*ASSIGNED TASK:* For the string "also", state how many lines of the data hold it. Give nothing besides the number.

[Records drawn from a dataset]
*** Begin section ***

lemma start_less_length:
  assumes "j < length as"
  shows "start j < length w"
proof -
  have "start j \<le> start (length as - 1)"
    using assms by (intro monoD[OF mono_block_start]) simp
  then show ?thesis
    using Suc_start_last by simp
qed

lemma letters_above_plus_letters_below_consecutive:
  assumes "Suc j < length as"
  shows "letters_above w (as ! j) + letters_below w (as ! Suc j) = int (length w)"
proof -
  have sorted: "sorted_wrt (<) as" and "set as = set w"
    using special by (simp_all add: special_factorization_def)
  then show ?thesis
    using assms sorted_wrt_less_nth_gap[OF sorted assms]
    by (intro letters_above_plus_letters_below) (auto simp: sorted_wrt_nth_less)
qed

lemma block_rank_sum:
  assumes j: "Suc j < length as"
  shows "2 * (\<Sum>p\<in>{Suc (start j)..start (Suc j)}. rotation_rank w p) =
    (int (start (Suc j)) - int (start j)) *
      (rotation_rank w (Suc (start j)) + rotation_rank w (start (Suc j)))"
proof -
  define a where "a = Suc (start j)"
  define \<pi> where "\<pi> = ps ! j"
  define \<delta> where "\<delta> c = letters_above w c - letters_below w c" for c
  have end_eq: "start (Suc j) = a + length \<pi>"
    using start_Suc[OF j] by (simp add: a_def \<pi>_def)
  have "rev \<pi> = \<pi>"
    using factorization j
    by (simp add: palindromic_special_factorization_def special_factorization_def \<pi>_def)
  moreover have "rotation_rank w (a + Suc t) = rotation_rank w (a + t) + \<delta> (\<pi> ! t)"
    if "t < length \<pi>" for t
  proof -
    have "a + t < length w"
      using that end_eq start_less_length[OF j] by simp
    then show ?thesis
      using perfectly_clustering_rotation_rank_Suc[OF clustering, of "a + t"]
        nth_after_start[OF j that[unfolded \<pi>_def]]
      by (simp add: a_def \<pi>_def \<delta>_def)
  qed
  ultimately have "2 * (\<Sum>t\<le>length \<pi>. rotation_rank w (a + t)) =
      of_nat (Suc (length \<pi>)) * (rotation_rank w (a + 0) + rotation_rank w (a + length \<pi>))"
    by (rule sum_palindromic_increments)
  moreover have "(\<Sum>p\<in>{a..a + length \<pi>}. rotation_rank w p) =
      (\<Sum>t\<le>length \<pi>. rotation_rank w (a + t))"
    using sum.shift_bounds_cl_nat_ivl[of "rotation_rank w" 0 a "length \<pi>"]
    by (simp add: atLeast0AtMost add.commute)
  ultimately show ?thesis
    using end_eq by (simp add: a_def)
qed

lemma block_rank_lower:
  assumes j: "Suc j < length as"
  shows "int (length w) \<le> rotation_rank w (Suc (start j)) + rotation_rank w (start (Suc j))"
proof -
  have "letters_above w (as ! j) \<le> rotation_rank w (Suc (start j))"
    using letters_above_le_rotation_rank_Suc[OF clustering, of "start j"]
      start_less_length[of j] nth_start[of j] j by simp
  moreover have "letters_below w (as ! Suc j) \<le> rotation_rank w (start (Suc j))"
    using letters_below_le_rotation_rank[of "start (Suc j)" w]
      start_less_length[OF j] nth_start[OF j] by simp
  ultimately show ?thesis
    using letters_above_plus_letters_below_consecutive[OF j] by simp
qed

lemma sum_block_lengths:
  "(\<Sum>i<length as - 1. int (start (Suc i)) - int (start i)) = int (length w) - 1"
  using sum_lessThan_telescope[of "\<lambda>i. int (start i)" "length as - 1"] Suc_start_last by simp

lemma sum_rotation_rank_by_blocks:
  "2 * (\<Sum>p<length w. rotation_rank w p) =
     (\<Sum>i<length as - 1. (int (start (Suc i)) - int (start i)) *
        (rotation_rank w (Suc (start i)) + rotation_rank w (start (Suc i))))"
proof -
  define m where "m = length as - 1"
  have "(\<Sum>p<length w. rotation_rank w p) =
      rotation_rank w 0 + (\<Sum>p\<in>{Suc 0..<length w}. rotation_rank w p)"
    using word_nonempty
    by (subst sum.atLeast_Suc_lessThan[symmetric]) (simp_all add: atLeast0LessThan)
  also have "\<dots> = (\<Sum>p\<in>{Suc (start 0)..<Suc (start m)}. rotation_rank w p)"
    by (simp only: lyndon_rotation_rank_0[OF lyndon] m_def Suc_start_last block_start_0 add_0)
  also have "\<dots> = (\<Sum>i<m. \<Sum>p\<in>{Suc (start i)..<Suc (start (Suc i))}. rotation_rank w p)"
    by (rule sum_atLeastLessThan_mono_partition) (simp add: mono_def monoD[OF mono_block_start])
  finally have "2 * (\<Sum>p<length w. rotation_rank w p) =
      (\<Sum>i<m. 2 * (\<Sum>p\<in>{Suc (start i)..start (Suc i)}. rotation_rank w p))"
    by (simp add: sum_distrib_left atLeastLessThanSuc_atLeastAtMost)
  also have "\<dots> = (\<Sum>i<m. (int (start (Suc i)) - int (start i)) *
        (rotation_rank w (Suc (start i)) + rotation_rank w (start (Suc i))))"
    by (intro sum.cong refl) (auto simp: m_def intro!: block_rank_sum)
  finally show ?thesis
    by (simp only: m_def)
qed

lemma block_rank_upper:
  assumes j: "Suc j < length as"
  shows "rotation_rank w (Suc (start j)) + rotation_rank w (start (Suc j)) \<le> int (length w)"
proof -
  define n where "n = int (length w)"
  define m where "m = length as - 1"
  define L where "L i = int (start (Suc i)) - int (start i)" for i
  define K where "K i = rotation_rank w (Suc (start i)) + rotation_rank w (start (Suc i))" for i
  have "(\<Sum>i<m. L i * (K i - n)) = (\<Sum>i<m. L i * K i) - (\<Sum>i<m. L i) * n"
    by (simp add: right_diff_distrib sum_subtractf sum_distrib_right)
  also have "\<dots> = 2 * (\<Sum>p<length w. rotation_rank w p) - n * (n - 1)"
    using sum_rotation_rank_by_blocks sum_block_lengths
    by (simp add: L_def K_def n_def m_def mult.commute)
  also have "\<dots> \<le> 0"
    using sum_rotation_rank_le[of w] by (simp add: n_def)
  finally have "(\<Sum>i<m. L i * (K i - n)) \<le> 0" .
  moreover have "L j * (K j - n) \<le> (\<Sum>i<m. L i * (K i - n))"
  proof (rule member_le_sum)
    show "j \<in> {..<m}"
      using j by (simp add: m_def)
    fix i assume "i \<in> {..<m} - {j}"
    then have "Suc i < length as"
      by (auto simp: m_def)
    then show "0 \<le> L i * (K i - n)"
      using block_rank_lower monoD[OF mono_block_start, of i "Suc i" as ps]
      by (intro mult_nonneg_nonneg) (simp_all add: L_def K_def n_def)
  qed simp
  ultimately have "L j * (K j - n) \<le> 0"
    by simp
  moreover have "0 < L j"
    using start_Suc[OF j] by (simp add: L_def)
  ultimately show ?thesis
    by (simp add: K_def n_def mult_le_0_iff)
qed

lemma rotation_rank_block_start_le:
  assumes i: "i < length as"
  shows "rotation_rank w (start i) \<le> letters_below w (as ! i)"
proof (cases i)
  case 0
  then show ?thesis
    using lyndon_rotation_rank_0[OF lyndon] by (simp add: letters_below_def sum_nonneg)
next
  case (Suc j)
  have "letters_above w (as ! j) \<le> rotation_rank w (Suc (start j))"
    using letters_above_le_rotation_rank_Suc[OF clustering, of "start j"]
      start_less_length[of j] nth_start[of j] i Suc by simp
  then show ?thesis
    using block_rank_upper[of j] letters_above_plus_letters_below_consecutive[of j] i Suc by simp
qed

*** End section ***

*EXPECTED ANSWER:* 5